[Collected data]
(* Let $k,l$ be positive integers and $G_{k,l}(T):=1-T+T^{lk+1}-T^{k(l+1)}\in\mathbb{C}[T]$. Then $G_{k,l}(T)$ is unitary if and only if $k\in\{1,2\}$.
   Context: A polynomial $f(T)\in 1+T\cdot\mathbb{C}[T]$ is called unitary if there is a unitary matrix $M$ (of some size) such that $f(T)=\det(I-MT)$; equivalently $f(T)=\prod_i(1-\alpha_iT)$ with all $|\alpha_i|=1$. *)

theory Defs
  imports "HOL-Analysis.Analysis" "HOL-Computational_Algebra.Polynomial"
begin

text \<open>A polynomial f in 1 + T C[T] is unitary iff f(T) = prod_i (1 - alpha_i T)
  with all |alpha_i| = 1 (the equivalent characterisation given in the paper).\<close>
definition unitary_poly :: "complex poly \<Rightarrow> bool" where
  "unitary_poly f \<longleftrightarrow>
     (\<exists>as :: complex list. (\<forall>a \<in> set as. cmod a = 1) \<and>
        f = prod_list (map (\<lambda>a. [:1, - a:]) as))"

definition G_poly :: "nat \<Rightarrow> nat \<Rightarrow> complex poly" where
  "G_poly k l = 1 - [:0, 1:] + monom 1 (l * k + 1) - monom 1 (k * (l + 1))"

end

theory Submission
  imports Defs "HOL-Computational_Algebra.Fundamental_Theorem_Algebra"
begin

text \<open>A unitary polynomial f of degree d is conjugate self-reciprocal: T^d cnj(f(1/cnj T)) = c f(T)
  for a constant c \<noteq> 0, because each factor 1 - a T with |a| = 1 has this property.
  Comparing the coefficients of T and T^(d-1) rules out k \<ge> 3, where G has no T^(d-1) term.
  Conversely, a polynomial with constant term 1 all of whose roots lie on the unit circle is
  unitary, and G_(1,l) = 1 - T and G_(2,l) = (1 - T)(1 + T^(2l+1)) are of this kind.\<close>

lemma prod_list_map_smult:
  "(\<Prod>x\<leftarrow>xs. smult (c x) (p x)) = smult (\<Prod>x\<leftarrow>xs. c x) (\<Prod>x\<leftarrow>xs. p x)"
  by (induction xs) (simp_all add: mult_ac)

lemma map_poly_cnj_mult: "map_poly cnj (p * q) = map_poly cnj p * map_poly cnj (q :: complex poly)"
  by (rule poly_eq_poly_eq_iff[THEN iffD1]) (auto simp: fun_eq_iff)

lemma map_poly_cnj_prod_list: "map_poly cnj (prod_list ps) = prod_list (map (map_poly cnj) ps)"
  by (induction ps) (simp_all add: map_poly_cnj_mult)

lemma conj_reflect_unit_linear_factor:
  assumes "cmod a = 1"
  shows "map_poly cnj (reflect_poly [:1, - a:]) = smult (- cnj a) [:1, - a:]"
proof -
  have "cnj a * a = 1"
    using assms by (metis complex_norm_square mult.commute of_real_1 power_one)
  moreover have "a \<noteq> 0"
    using assms by auto
  ultimately show ?thesis
    by (simp add: reflect_poly_def cCons_def map_poly_pCons)
qed

lemma unitary_poly_conj_reflect:
  assumes "unitary_poly f"
  obtains c where "c \<noteq> 0" "map_poly cnj (reflect_poly f) = smult c f"
proof -
  obtain as where unit: "\<forall>a\<in>set as. cmod a = 1" and f: "f = (\<Prod>a\<leftarrow>as. [:1, - a:])"
    using assms unfolding unitary_poly_def by blast
  have "map_poly cnj (reflect_poly f) = (\<Prod>a\<leftarrow>as. smult (- cnj a) [:1, - a:])"
    unfolding f reflect_poly_prod_list map_poly_cnj_prod_list map_map o_def
    using unit
    by (intro arg_cong[where f = prod_list] map_cong) (auto simp: conj_reflect_unit_linear_factor)
  also have "\<dots> = smult (\<Prod>a\<leftarrow>as. - cnj a) f"
    by (simp only: prod_list_map_smult f)
  finally show ?thesis
    using unit by (intro that[of "\<Prod>a\<leftarrow>as. - cnj a"]) (auto simp: prod_list_zero_iff)
qed

lemma unitary_poly_coeff_pred_degree_eq_0_iff:
  assumes "unitary_poly f" and "degree f \<ge> 1"
  shows "coeff f (degree f - 1) = 0 \<longleftrightarrow> coeff f 1 = 0"
proof -
  obtain c where "c \<noteq> 0" and c: "map_poly cnj (reflect_poly f) = smult c f"
    using assms(1) by (rule unitary_poly_conj_reflect)
  have "cnj (coeff f (degree f - 1)) = coeff (map_poly cnj (reflect_poly f)) 1"
    using assms(2) by (simp add: coeff_map_poly coeff_reflect_poly)
  also have "\<dots> = c * coeff f 1"
    by (simp add: c)
  finally show ?thesis
    using \<open>c \<noteq> 0\<close> by (metis complex_cnj_zero_iff mult_eq_0_iff)
qed

lemma unitary_polyI:
  assumes "poly p 0 = 1" and unit_roots: "\<And>z. poly p z = 0 \<Longrightarrow> cmod z = 1"
  shows "unitary_poly p"
proof -
  obtain rs where rs: "mset rs = proots p"
    using ex_mset by blast
  have "p \<noteq> 0"
    using assms(1) by auto
  then have unit: "cmod r = 1" if "r \<in> set rs" for r
    using that unit_roots by (metis rs set_mset_mset set_count_proots mem_Collect_eq)
  have "p = smult (lead_coeff p) (\<Prod>r\<leftarrow>rs. [:- r, 1:])"
    using complex_poly_decompose_multiset[of p]
    by (metis prod_mset_prod_list mset_map rs)
  also have "(\<Prod>r\<leftarrow>rs. [:- r, 1:]) = (\<Prod>r\<leftarrow>rs. smult (- r) [:1, - cnj r:])"
  proof (intro arg_cong[where f = prod_list] map_cong refl)
    fix r assume "r \<in> set rs"
    then have "r * cnj r = 1"
      using unit by (metis complex_norm_square of_real_1 power_one)
    then show "[:- r, 1:] = smult (- r) [:1, - cnj r:]"
      by simp
  qed
  finally have p: "p = smult (lead_coeff p * (\<Prod>r\<leftarrow>rs. - r)) (\<Prod>a\<leftarrow>map cnj rs. [:1, - a:])"
    by (simp only: prod_list_map_smult smult_smult map_map o_def)
  moreover have "lead_coeff p * (\<Prod>r\<leftarrow>rs. - r) = 1"
    using assms(1) by (subst (asm) p)
      (simp add: poly_0_coeff_0 coeff_0_prod_list o_def map_replicate_const)
  ultimately show ?thesis
    unfolding unitary_poly_def using unit by (intro exI[of _ "map cnj rs"]) auto
qed

lemma coeff_G_poly:
  "coeff (G_poly k l) j =
     (if j = 0 then 1 else 0) - (if j = 1 then 1 else 0)
     + (if j = l * k + 1 then 1 else 0) - (if j = k * (l + 1) then 1 else 0)"
  by (simp add: G_poly_def coeff_monom coeff_pCons split: nat.split)

lemma poly_G_poly: "poly (G_poly k l) z = 1 - z + z ^ (l * k + 1) - z ^ (k * (l + 1))"
  by (simp add: G_poly_def poly_monom)

lemma degree_G_poly:
  assumes "k \<ge> 2"
  shows "degree (G_poly k l) = k * (l + 1)"
proof (rule antisym)
  show "degree (G_poly k l) \<le> k * (l + 1)"
    by (rule degree_le) (auto simp: coeff_G_poly)
  show "k * (l + 1) \<le> degree (G_poly k l)"
    using assms by (intro le_degree) (auto simp: coeff_G_poly algebra_simps)
qed

lemma G_poly_not_unitary:
  assumes "k \<ge> 3" and "l > 0"
  shows "\<not> unitary_poly (G_poly k l)"
proof
  assume unitary: "unitary_poly (G_poly k l)"
  have deg: "degree (G_poly k l) = l * k + k"
    using assms by (simp add: degree_G_poly algebra_simps)
  have "coeff (G_poly k l) (degree (G_poly k l) - 1) = 0"
    using assms unfolding deg coeff_G_poly by (auto simp: algebra_simps)
  moreover have "coeff (G_poly k l) 1 \<noteq> 0"
    using assms by (simp add: coeff_G_poly)
  ultimately show False
    using unitary_poly_coeff_pred_degree_eq_0_iff[OF unitary] deg assms by simp
qed

lemma unitary_G_poly_1: "unitary_poly (G_poly 1 l)"
proof (rule unitary_polyI)
  show "poly (G_poly 1 l) 0 = 1"
    by (simp add: poly_G_poly)
  show "cmod z = 1" if "poly (G_poly 1 l) z = 0" for z
    using that by (simp add: poly_G_poly)
qed

lemma unitary_G_poly_2: "unitary_poly (G_poly 2 l)"
proof (rule unitary_polyI)
  show "poly (G_poly 2 l) 0 = 1"
    by (simp add: poly_G_poly)
  fix z :: complex
  assume "poly (G_poly 2 l) z = 0"
  moreover have "poly (G_poly 2 l) z = (1 - z) * (1 + z ^ (2 * l + 1))"
    by (simp add: poly_G_poly algebra_simps)
  ultimately consider "z = 1" | "z ^ (2 * l + 1) = - 1"
    by (metis add_eq_0_iff eq_iff_diff_eq_0 mult_eq_0_iff)
  then show "cmod z = 1"
  proof cases
    case 2
    then have "cmod z ^ (2 * l + 1) = 1"
      by (metis norm_minus_cancel norm_one norm_power)
    then show ?thesis
      using power_eq_imp_eq_base[of "cmod z" "2 * l + 1" 1] by simp
  qed simp
qed

theorem proposition13:
  fixes k l :: nat
  assumes "k > 0" and "l > 0"
  shows "unitary_poly (G_poly k l) \<longleftrightarrow> k \<in> {1, 2}"
proof
  assume "unitary_poly (G_poly k l)"
  then show "k \<in> {1, 2}"
    using G_poly_not_unitary[of k l] assms by (cases "k \<ge> 3") auto
next
  assume "k \<in> {1, 2}"
  then show "unitary_poly (G_poly k l)"
    using unitary_G_poly_1 unitary_G_poly_2 by auto
qed

end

--- Aim of the exercise ---
Among the records above, only the lines between the line holding "using ex_mset by blast" and the line holding "(l + 1) then", inclusive, are to be output, exactly as written.

--- Response area ---
    using ex_mset by blast
  have "p \<noteq> 0"
    using assms(1) by auto
  then have unit: "cmod r = 1" if "r \<in> set rs" for r
    using that unit_roots by (metis rs set_mset_mset set_count_proots mem_Collect_eq)
  have "p = smult (lead_coeff p) (\<Prod>r\<leftarrow>rs. [:- r, 1:])"
    using complex_poly_decompose_multiset[of p]
    by (metis prod_mset_prod_list mset_map rs)
  also have "(\<Prod>r\<leftarrow>rs. [:- r, 1:]) = (\<Prod>r\<leftarrow>rs. smult (- r) [:1, - cnj r:])"
  proof (intro arg_cong[where f = prod_list] map_cong refl)
    fix r assume "r \<in> set rs"
    then have "r * cnj r = 1"
      using unit by (metis complex_norm_square of_real_1 power_one)
    then show "[:- r, 1:] = smult (- r) [:1, - cnj r:]"
      by simp
  qed
  finally have p: "p = smult (lead_coeff p * (\<Prod>r\<leftarrow>rs. - r)) (\<Prod>a\<leftarrow>map cnj rs. [:1, - a:])"
    by (simp only: prod_list_map_smult smult_smult map_map o_def)
  moreover have "lead_coeff p * (\<Prod>r\<leftarrow>rs. - r) = 1"
    using assms(1) by (subst (asm) p)
      (simp add: poly_0_coeff_0 coeff_0_prod_list o_def map_replicate_const)
  ultimately show ?thesis
    unfolding unitary_poly_def using unit by (intro exI[of _ "map cnj rs"]) auto
qed

lemma coeff_G_poly:
  "coeff (G_poly k l) j =
     (if j = 0 then 1 else 0) - (if j = 1 then 1 else 0)
     + (if j = l * k + 1 then 1 else 0) - (if j = k * (l + 1) then 1 else 0)"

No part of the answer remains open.